# Mixtures Problem

• February 4th 2013, 03:39 PM
asdewq
Mixtures Problem
Hey,
I could really use some help solving this mixtures problem. Normally I can just work it out but this one is a little bit different than most.

A solution of 90% alcohol is mixed with a solution of 30% alcohol that is smaller by 20 liters. After 15 liters of water evaporates from the solution, the alcohol content is 72%. How many liters of solution is in the final mixture.

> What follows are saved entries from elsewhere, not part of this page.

(* Let $\Theta_k$ ($k$ in a topological parameter set) be a uniform family of nuclear contracting Dwork operators on $M^*$. Then the family of Fredholm determinants $\det(I-T\Theta_k|M^* )$ is a family of uniformly entire functions. If, in addition, the family $\Theta_k$ is uniformly continuous in $k$, then $\det(I-T\Theta_k|M^* )$ is a uniformly continuous family of uniformly entire functions, and $$\|\det(I-T\Theta_{k_1}|M^* )-\det(I-T\Theta_{k_2}|M^* )\|\le\|\Theta_{k_1}-\Theta_{k_2}\|.$$
   Context: $R$ is a complete discrete valuation ring of characteristic $0$ with uniformizer $\pi$, residue field $\mathbf{F}_q$, fraction field $K$, valuation $\mathrm{ord}_\pi$, $|a|_\pi=p^{-\mathrm{ord}_\pi a}$. Fix $n\ge1$; $X^u=\prod X_i^{u_i}$, $|u|=\sum u_i$. $A_0=\{\sum a_uX^u:a_u\in R,\ |a_u|_\pi\to0\}$ with Gauss norm $\|\cdot\|$, $A=\{\sum a_uX^u\in A_0:\liminf_{|u|\to\infty}\mathrm{ord}_\pi a_u/|u|>0\}$. $\sigma$ is an $R$-algebra endomorphism of $A_0$ with $\sigma(X_i)=X_i^q+\pi f_i$, $f_i\in A$. $L(b,c)=\{\sum a_vX^v:\mathrm{ord}_\pi a_v\ge b|v|+c\}$; $b_\sigma>0$ is a fixed rational with $\pi f_i\in L(b_\sigma,0)$. $M^*=\{\sum_ja_je_j^*:a_j\in A_0,\|a_j\|\to0\}$ (countable index set), $M^*(b,c)=\{\sum a_je_j^*\in M^*:a_j\in L(b,c)\}$. A Dwork operator on $M^*$ is a continuous $R$-linear $\Theta$ with $\Theta(\sigma(a)f)=a\Theta(f)$; its norm is $\|\Theta\|=p^{-i}$ with $i$ the largest integer $\ge0$ such that $\Theta(M^* )\subset\pi^iM^*$. Nuclear: writing $\Theta(X^ve_{j_2}^* )=\sum G^*_{\{u,j_1\},\{v,j_2\}}X^ue_{j_1}^*$, for fixed $u,v$, $\lim_{j_1}\inf_{j_2}\mathrm{ord}_\pi G^*=\infty$. Contracting: $\Theta(M^*(b,c))\subset M^*(qb,c+c_1)$ for some rationals $b>0,c,c_1$. Fredholm determinant: for such $b$ with $0<b\le b_\sigma$ (an integer after a totally ramified extension of $R$), $\det(I-T\Theta|M^* )=\det(I-TG)$ where $G$ is the matrix of $\Theta$ on $M^*(b,0)\otimes K$ w.r.t. $\{\pi^{b|u|}X^ue_j^*\}$; it is entire and independent of $b$. A family $\Theta_k$ is uniform if (i) with $\Theta_k(X^ve_{j_2}^* )=\sum G^*_{\{u,j_1\},\{v,j_2\}}(k)X^ue_{j_1}^*$, for fixed $u,v$, $\lim_{j_1\to\infty}\inf_{j_2,k}\mathrm{ord}_\pi G^*_{\{u,j_1\},\{v,j_2\}}(k)=\infty$, and (ii) $\Theta_k(M^*(b,c))\subset M^*(qb,c+c_1)$ with $b>0,c,c_1$ independent of $k$. It is uniformly continuous if $\|\Theta_{k_1}-\Theta_{k_2}\|$ is uniformly small whenever $k_1,k_2$ are close. A family $f(k,T)=\sum_mf_m(k)T^m$ ($f_0=1$, $f_m(k)\in R$) is uniformly entire if $\liminf_m\inf_k\mathrm{ord}_\pi f_m(k)/m=\infty$ and uniformly continuous if $\|f(k_1,T)-f(k_2,T)\|=\max_m|f_m(k_1)-f_m(k_2)|_\pi$ is uniformly small when $k_1,k_2$ are close. *)

theory Defs
  imports Complex_Main "HOL-Library.Extended_Real" "HOL-Combinatorics.Permutations"
          "HOL-Library.Countable" "HOL-Computational_Algebra.Primes"
begin

text \<open>R is the set of elements with nonnegative valuation.\<close>

definition dv_field :: "('k::field_char_0 \<Rightarrow> ereal) \<Rightarrow> 'k \<Rightarrow> bool" where
  "dv_field v \<pi> \<longleftrightarrow>
     (\<forall>x. v x = \<infinity> \<longleftrightarrow> x = 0) \<and>
     (\<forall>x. x \<noteq> 0 \<longrightarrow> (\<exists>z::int. v x = ereal (of_int z))) \<and>
     (\<forall>x y. v (x * y) = v x + v y) \<and>
     (\<forall>x y. min (v x) (v y) \<le> v (x + y)) \<and>
     v \<pi> = 1 \<and>
     (\<forall>s::nat \<Rightarrow> 'k.
        (\<forall>N::int. \<exists>M. \<forall>m\<ge>M. \<forall>m'\<ge>M. ereal (of_int N) \<le> v (s m - s m')) \<longrightarrow>
        (\<exists>L. \<forall>N::int. \<exists>M. \<forall>m\<ge>M. ereal (of_int N) \<le> v (s m - L)))"

text \<open>Residue field R / pi R has exactly q elements.\<close>
definition residue_card :: "('k::field_char_0 \<Rightarrow> ereal) \<Rightarrow> nat \<Rightarrow> bool" where
  "residue_card v q \<longleftrightarrow>
     (let Rr = {x. 0 \<le> v x}; rel = {(x,y). x \<in> Rr \<and> y \<in> Rr \<and> 1 \<le> v (x - y)}
      in finite (Rr // rel) \<and> card (Rr // rel) = q)"

definition MI :: "nat \<Rightarrow> (nat \<Rightarrow> nat) set" where
  "MI n = {u. \<forall>i\<ge>n. u i = 0}"

definition deg :: "nat \<Rightarrow> (nat \<Rightarrow> nat) \<Rightarrow> nat" where
  "deg n u = (\<Sum>i<n. u i)"

text \<open>Power series are coefficient functions u \<mapsto> a_u.\<close>
definition A0 :: "('k::field_char_0 \<Rightarrow> ereal) \<Rightarrow> nat \<Rightarrow> ((nat \<Rightarrow> nat) \<Rightarrow> 'k) set" where
  "A0 v n = {a. (\<forall>u. u \<notin> MI n \<longrightarrow> a u = 0) \<and> (\<forall>u. 0 \<le> v (a u)) \<and>
                (\<forall>N::int. finite {u. v (a u) < ereal (of_int N)})}"

definition Aset :: "('k::field_char_0 \<Rightarrow> ereal) \<Rightarrow> nat \<Rightarrow> ((nat \<Rightarrow> nat) \<Rightarrow> 'k) set" where
  "Aset v n = {a \<in> A0 v n. \<exists>\<epsilon>::real. \<epsilon> > 0 \<and>
      (\<exists>M. \<forall>u\<in>MI n. M \<le> deg n u \<longrightarrow> ereal (\<epsilon> * real (deg n u)) \<le> v (a u))}"

definition Lset :: "('k::field_char_0 \<Rightarrow> ereal) \<Rightarrow> nat \<Rightarrow> real \<Rightarrow> real \<Rightarrow> ((nat \<Rightarrow> nat) \<Rightarrow> 'k) set" where
  "Lset v n b c = {a. \<forall>u\<in>MI n. ereal (b * real (deg n u) + c) \<le> v (a u)}"

definition mono :: "(nat \<Rightarrow> nat) \<Rightarrow> (nat \<Rightarrow> nat) \<Rightarrow> 'k::field_char_0" where
  "mono u = (\<lambda>w. if w = u then 1 else 0)"

definition unitvec :: "nat \<Rightarrow> nat \<Rightarrow> nat" where
  "unitvec i = (\<lambda>l. if l = i then 1 else 0)"

definition ps_mult :: "nat \<Rightarrow> ((nat \<Rightarrow> nat) \<Rightarrow> 'k::field_char_0) \<Rightarrow> ((nat \<Rightarrow> nat) \<Rightarrow> 'k) \<Rightarrow> (nat \<Rightarrow> nat) \<Rightarrow> 'k" where
  "ps_mult n a b u = (if u \<in> MI n then
      (\<Sum>w\<in>{w \<in> MI n. \<forall>i. w i \<le> u i}. a w * b (\<lambda>i. u i - w i)) else 0)"

text \<open>Elements of M^* are coefficient functions (u,j) \<mapsto> coefficient of X^u e_j^*.\<close>
definition Mstar :: "('k::field_char_0 \<Rightarrow> ereal) \<Rightarrow> nat \<Rightarrow> ((nat \<Rightarrow> nat) \<times> 'j \<Rightarrow> 'k) set" where
  "Mstar v n = {f. (\<forall>u j. u \<notin> MI n \<longrightarrow> f (u, j) = 0) \<and> (\<forall>x. 0 \<le> v (f x)) \<and>
                   (\<forall>N::int. finite {x. v (f x) < ereal (of_int N)})}"

definition Mstar_bc :: "('k::field_char_0 \<Rightarrow> ereal) \<Rightarrow> nat \<Rightarrow> real \<Rightarrow> real \<Rightarrow> ((nat \<Rightarrow> nat) \<times> 'j \<Rightarrow> 'k) set" where
  "Mstar_bc v n b c = {f \<in> Mstar v n. \<forall>u\<in>MI n. \<forall>j. ereal (b * real (deg n u) + c) \<le> v (f (u, j))}"

definition act :: "nat \<Rightarrow> ((nat \<Rightarrow> nat) \<Rightarrow> 'k::field_char_0) \<Rightarrow> ((nat \<Rightarrow> nat) \<times> 'j \<Rightarrow> 'k) \<Rightarrow> ((nat \<Rightarrow> nat) \<times> 'j \<Rightarrow> 'k)" where
  "act n a f = (\<lambda>(u, j). ps_mult n a (\<lambda>w. f (w, j)) u)"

Could really use help working out the method used to solve this type of problem

EDIT:
Solution 1: 90% Alcohol, Volume x
Solution 2: 30% Alcohol, Volume x-20
Total Solution: 72% Alcohol, Volume x+x-20-15 OR 2x-35
This is all the information given. I need to determine that volume in liters of the total solution.
• February 4th 2013, 03:53 PM
ILikeSerena
Re: Mixtures Problem
Quote:

Originally Posted by asdewq
Hey,
I could really use some help solving this mixtures problem. Normally I can just work it out but this one is a little bit different than most.

A solution of 90% alcohol is mixed with a solution of 30% alcohol that is smaller by 20 liters. After 15 liters of water evaporates from the solution, the alcohol content is 72%. How many liters of solution is in the final mixture.

Could really use help working out the method used to solve this type of problem

Hi asdewq! :)

Suppose we call the volume of the first solution x (in liters).
Then this solution contains 90% x = 0.9x liters of alcohol.

Can you say what the volume of the 2nd solution is?
And how much alcohol it contains?
• February 4th 2013, 04:01 PM
asdewq
Re: Mixtures Problem
That is exactly the problem, the only given is that it is 20 liters smaller than the first solution. It contains 30% alcohol

Edit: Basically my givens are
Solution 1: 90% alcohol, volume x
Solution 2: 30% alcohol, volume x-20
Final Solution: 72% alcohol, volume x+x-20-15 (2x-35)
• February 4th 2013, 04:03 PM
ILikeSerena
Re: Mixtures Problem
Well, if the first solution contains x liters, then the second solution contains (x-20) liters.
That is 20 liters less than the unknown amount of the first solution.

How much liters of alcohol would that make?
• February 4th 2013, 04:05 PM
ILikeSerena
Re: Mixtures Problem
Quote:

Originally Posted by asdewq
Edit: Basically my givens are
Solution 1: 90% alcohol, volume x
Solution 2: 30% alcohol, volume x-20
Final Solution: 72% alcohol, volume x+x-20-15 (2x-35)

Exactly!

Now how much liters of alcohol is in each solution?
• February 4th 2013, 04:29 PM
asdewq
Re: Mixtures Problem
x + x - 20, - 15 or 2x-35
However, that does not give me a number of liters in the final solution.

Working it out through trial and error is simple if tedious. I just need to find a way to do it algebraically so when faced with similar questions I don't have to waste all that time

Edit: If you are asking however, how many liters are given for each solution, then that is exactly the question I am supposed to solve. None are given
• February 4th 2013, 07:56 PM
Soroban
Re: Mixtures Problem
Hello, asdewq!

This is a tricky one . . .

Quote:

A solution of 90% alcohol is mixed with a solution of 30% alcohol that is smaller by 20 liters.
After 15 liters of water evaporates from the solution, the alcohol content is 72%.
How many liters of solution is in the final mixture?

We will consider the amount of water at each stage.

Let $x$ = liters of the 90% alcohol solution.
This contains $0.1x$ liters of water.

Let $x-20$ = liters of the 30% alcohol solution.
This contains $0.7(x-20)$ liters of water.

Then 15 liters of water is removed.
The mixture contains: $0.1x + 0.7(x-20) - 15 \:=\:0.8x - 29$ liters of water. .[1]

The final mixture contains: $x + (x-20) - 15 \:=\:2x-35$ liters .(a)
. . which is 28% water.
The mixture contains: $0.28(2x-35) \:=\:0.56x-9.8$ liters of water. .[2]

We just described the final amount of water in two ways.

There is our equation! . . . . $0.8x - 29 \:=\:0.56x - 9,8$

Solve for $x\!:\;x \,=\,80$

Substitute into (a): . $2(80) - 35 \:=\:125$ liters.